Work will start by addressing the 30 per cent of properties rated EPC Band D and below, with a target for all homes to be Band C or better by 2030.
Fire safety
While PA Housing’s trade-off is representative of the tricky decisions being faced across the sector, on another key agenda – fire safety spend - Mr Hatchman says that the impact on the organisation, while “significant” has been “more limited to date” than for some.
Latest work to assess higher-risk blocks has identified 11 medium and high-rise blocks requiring some remediation, with an assumed worst-case cost of £23m, which PA will endeavour to recover via government grant where leaseholders are involved, and/or via recourse back to the original contractors. Initial conversations with contractors on two schemes in particular accounting for the “bulk of that £23m cost” have been quite positive to date, Mr Hatchman adds.
“The impact is certainly significant, and it is having some short-term feed through into our numbers, but we perhaps don’t have the same level of exposure as some of the larger G15 associations and what they are grappling with."
Financing need
The proceeds of the sustainable bond will fuel PA’s development programme, as well as supporting its investment in the energy efficiency of homes. The landlord has an ambition to build 6,000 homes in the 10 years to 2030.
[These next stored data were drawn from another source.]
(* Let $n\geq 2$ and let $G$ be the $(2n+1)$-dimensional Heisenberg group $G=\langle x_1,\dots,x_{2n+1}\mid [x_i,x_{n+i}]=x_{2n+1}\ (1\le i\le n),\ \text{all other pairs } x_j,x_k\text{ commute}\rangle$ with Mal'cev basis $(x_1,\dots,x_{2n+1})$. Then for every ordering of a basis of the module $M$ for which the Nickel representation is upper unitriangular, the image of $G$ in $UT_{2n+2}(\mathbb{Z})$ is a distorted subgroup.
   Context: Every $g\in G$ is uniquely $x_1^{a_1}\cdots x_{2n+1}^{a_{2n+1}}$, $a_i\in\mathbb{Z}$. Let $t_i:G\to\mathbb{Z}$ map $x_1^{a_1}\cdots x_{2n+1}^{a_{2n+1}}\mapsto a_i$, viewed in the dual $(\mathbb{Q}G)^*$; $G$ acts on $(\mathbb{Q}G)^*$ by $f^g(h)=f(hg^{-1})$. The $G$-submodule $M$ generated by $t_1,\dots,t_{2n+1}$ is finite-dimensional and faithful (here with $\mathbb{Q}$-basis $\{t_1,\dots,t_{2n+1},1\}$); ordering a basis so that all matrices are upper unitriangular gives the Nickel embedding $G\to UT_{2n+2}(\mathbb{Z})$, the group of upper unitriangular integer matrices. A subgroup $H$ of a finitely generated group $K$ is distorted if $\Delta_H^K(n)=\max\{dist_H(1,h): h\in H, dist_K(1,h)\le n\}$ (word metrics) is not bounded by $Cn$ for any constant $C$. *)

theory Defs
  imports "Jordan_Normal_Form.Matrix" "HOL-Algebra.Generated_Groups"
begin

definition word_length :: "('a, 'b) monoid_scheme \<Rightarrow> 'a set \<Rightarrow> 'a \<Rightarrow> nat" where
  "word_length G S g =
     (LEAST k. \<exists>ws. length ws = k \<and> set ws \<subseteq> S \<union> (\<lambda>s. inv\<^bsub>G\<^esub> s) ` S
                  \<and> foldr (\<otimes>\<^bsub>G\<^esub>) ws \<one>\<^bsub>G\<^esub> = g)"

definition distortion_fn ::
  "('a, 'b) monoid_scheme \<Rightarrow> 'a set \<Rightarrow> 'a set \<Rightarrow> 'a set \<Rightarrow> nat \<Rightarrow> nat" where
  "distortion_fn K H S T m =
     Max {word_length (K\<lparr>carrier := H\<rparr>) S h | h. h \<in> H \<and> word_length K T h \<le> m}"

definition distorted_subgroup :: "('a, 'b) monoid_scheme \<Rightarrow> 'a set \<Rightarrow> bool" where
  "distorted_subgroup K H \<longleftrightarrow>
     group K \<and> subgroup H K \<and>
     (\<exists>T. finite T \<and> T \<subseteq> carrier K \<and> generate K T = carrier K) \<and>
     (\<exists>S. finite S \<and> S \<subseteq> H \<and> generate K S = H) \<and>
     (\<forall>S T. finite S \<and> S \<subseteq> H \<and> generate K S = H \<and>
            finite T \<and> T \<subseteq> carrier K \<and> generate K T = carrier K \<longrightarrow>
            \<not> (\<exists>C::real. \<forall>m. real (distortion_fn K H S T m) \<le> C * real m))"

definition UT :: "nat \<Rightarrow> int mat set" where
  "UT N = {A \<in> carrier_mat N N. \<forall>i<N. A $$ (i,i) = 1 \<and> (\<forall>j<i. A $$ (i,j) = 0)}"

definition UT_group :: "nat \<Rightarrow> int mat monoid" where
  "UT_group N = \<lparr>carrier = UT N, mult = (*), one = 1\<^sub>m N\<rparr>"

text \<open>An element x_1^{a_1} ... x_{2n+1}^{a_{2n+1}} is represented by its coordinate
  function a (a i for 1 \<le> i \<le> 2n+1, zero elsewhere). The product is obtained by the
  collection process from the relations [x_i, x_{n+i}] = x_{2n+1} with
  [x,y] = x^{-1} y^{-1} x y, x_{2n+1} central, all other generators commuting.\<close>
definition heis_carrier :: "nat \<Rightarrow> (nat \<Rightarrow> int) set" where
  "heis_carrier n = {a. \<forall>i. (i = 0 \<or> i > 2*n+1) \<longrightarrow> a i = 0}"

definition heis_mult :: "nat \<Rightarrow> (nat \<Rightarrow> int) \<Rightarrow> (nat \<Rightarrow> int) \<Rightarrow> (nat \<Rightarrow> int)" where
  "heis_mult n a b = (\<lambda>i.
     if 1 \<le> i \<and> i \<le> 2*n then a i + b i
     else if i = 2*n+1 then a i + b i - (\<Sum>k=1..n. a (n+k) * b k)
     else 0)"

definition heis :: "nat \<Rightarrow> (nat \<Rightarrow> int) monoid" where
  "heis n = \<lparr>carrier = heis_carrier n, mult = heis_mult n, one = (\<lambda>_. 0)\<rparr>"

text \<open>Basis of M, indexed by 0..2n+1: index j \<le> 2n is t_{j+1}, index 2n+1 is the
  constant function 1. Functions G \<rightarrow> Q.\<close>
definition nickel_basis :: "nat \<Rightarrow> nat \<Rightarrow> (nat \<Rightarrow> int) \<Rightarrow> rat" where
  "nickel_basis n j = (if j \<le> 2*n then (\<lambda>h. of_int (h (j+1))) else (\<lambda>h. 1))"

definition dual_act :: "nat \<Rightarrow> (nat \<Rightarrow> int) \<Rightarrow> ((nat \<Rightarrow> int) \<Rightarrow> rat) \<Rightarrow> ((nat \<Rightarrow> int) \<Rightarrow> rat)" where
  "dual_act n g f = (\<lambda>h. f (heis_mult n h (inv\<^bsub>heis n\<^esub> g)))"

text \<open>Matrix of g w.r.t. the ordered basis (position p holds basis element sigma p):
  row p contains the coefficients of (basis (sigma p))^g; since the action is a right
  action, g \<mapsto> matrix is then a homomorphism.\<close>
definition nickel_rep :: "nat \<Rightarrow> (nat \<Rightarrow> nat) \<Rightarrow> (nat \<Rightarrow> int) \<Rightarrow> int mat" where
  "nickel_rep n \<sigma> g = (THE A. A \<in> carrier_mat (2*n+2) (2*n+2) \<and>
      (\<forall>p < 2*n+2. \<forall>h \<in> heis_carrier n.
         dual_act n g (nickel_basis n (\<sigma> p)) h
           = (\<Sum>q < 2*n+2. of_int (A $$ (p,q)) * nickel_basis n (\<sigma> q) h)))"

end

theory Submission
  imports Defs
begin

text \<open>The central element \<open>x\<^sub>2\<^sub>n\<^sub>+\<^sub>1\<^sup>c\<close> acts
  as the transvection \<open>1 - c E\<^sub>p\<^sub>q\<close>, where \<open>p\<close> and \<open>q\<close> are the positions of \<open>t\<^sub>2\<^sub>n\<^sub>+\<^sub>1\<close> and of
  the constant \<open>1\<close> in the ordered basis. Triangularity of the images of \<open>x\<^sub>1, x\<^sub>2, x\<^sub>n\<^sub>+\<^sub>1, x\<^sub>n\<^sub>+\<^sub>2\<close>
  forces two further basis vectors strictly between \<open>p\<close> and \<open>q\<close> (this is where \<open>n \<ge> 2\<close>
  enters), so \<open>1 + a\<^sup>3 E\<^sub>p\<^sub>q\<close> is an iterated commutator of powers \<open>a\<close> of elementary matrices
  and has word length \<open>O(a)\<close> in \<open>UT\<^sub>2\<^sub>n\<^sub>+\<^sub>2(\<int>)\<close>. In the Heisenberg group, on the other hand,
  a product of \<open>k\<close> generators has last coordinate \<open>O(k\<^sup>2)\<close>, so the word length of the same
  element in the image of \<open>G\<close> is at least of order \<open>a\<^bsup>3/2\<^esup>\<close>.\<close>

section \<open>Words and word length\<close>

context group
begin

lemma foldr_mult_closed: "set ws \<subseteq> carrier G \<Longrightarrow> foldr (\<otimes>) ws \<one> \<in> carrier G"
  by (induction ws) auto

lemma foldr_mult_init:
  "set ws \<subseteq> carrier G \<Longrightarrow> x \<in> carrier G \<Longrightarrow> foldr (\<otimes>) ws x = foldr (\<otimes>) ws \<one> \<otimes> x"
  by (induction ws) (auto simp: m_assoc foldr_mult_closed)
Mr Hatchman explains that the bond is the latest step in a refinancing process that started with a restructure of legacy banking facilities at the time of merger in 2017.
“We augmented that work in late 2019, early 2020, with the process to extend our bank facilities and give us the flexibility we needed to service our growth programme. And it was always the intention that at the right time we would look to term out a fair chunk of that relatively short-term bank debt into a longer fixed-rate bond issuance to give us the certainty of cost and aid with our longer-term financial planning.”
Work undertaken last year included a £185m funding deal with four lenders, of which a £60m sustainability-linked loan from Sumitomo Mitsui Banking Corporation has a margin discount mechanism tied to the social impact of PA’s tenancy sustainment team. The decision to pursue a 15-year bond stemmed from a desire to slot the new finance into PA’s existing maturity ladder, ahead of the Paragon issuance maturing in the 2040s.
But Mr Hatchman adds that the provider was also aware through conversations with its advisor (Chatham Financial) that the tenor is “particularly attractive for a number of the ESG investors”.
In practice, along with the sustainability wrap, this contributed to a “lot of new names on the transaction, a lot of interest particularly from mainland Europe investors”, he says.
The £400m raised gives the organisation around two years of extra capacity.
“We tend to plan two years ahead of need, in terms of our treasury arrangements and our financing arrangements,” Mr Hatchman says. “It gives us a good deal of breathing space now to take stock, get on with the growth programme, and we can revisit that as and when the financial forecasts dictate.”
Update: at 11:38am, 04/06/21
The article was updated to clarify that the latest work to assess higher-risk blocks has identified 11 medium and high-rise blocks requiring some remediation. The article previously stated that the blocks were all medium-rise.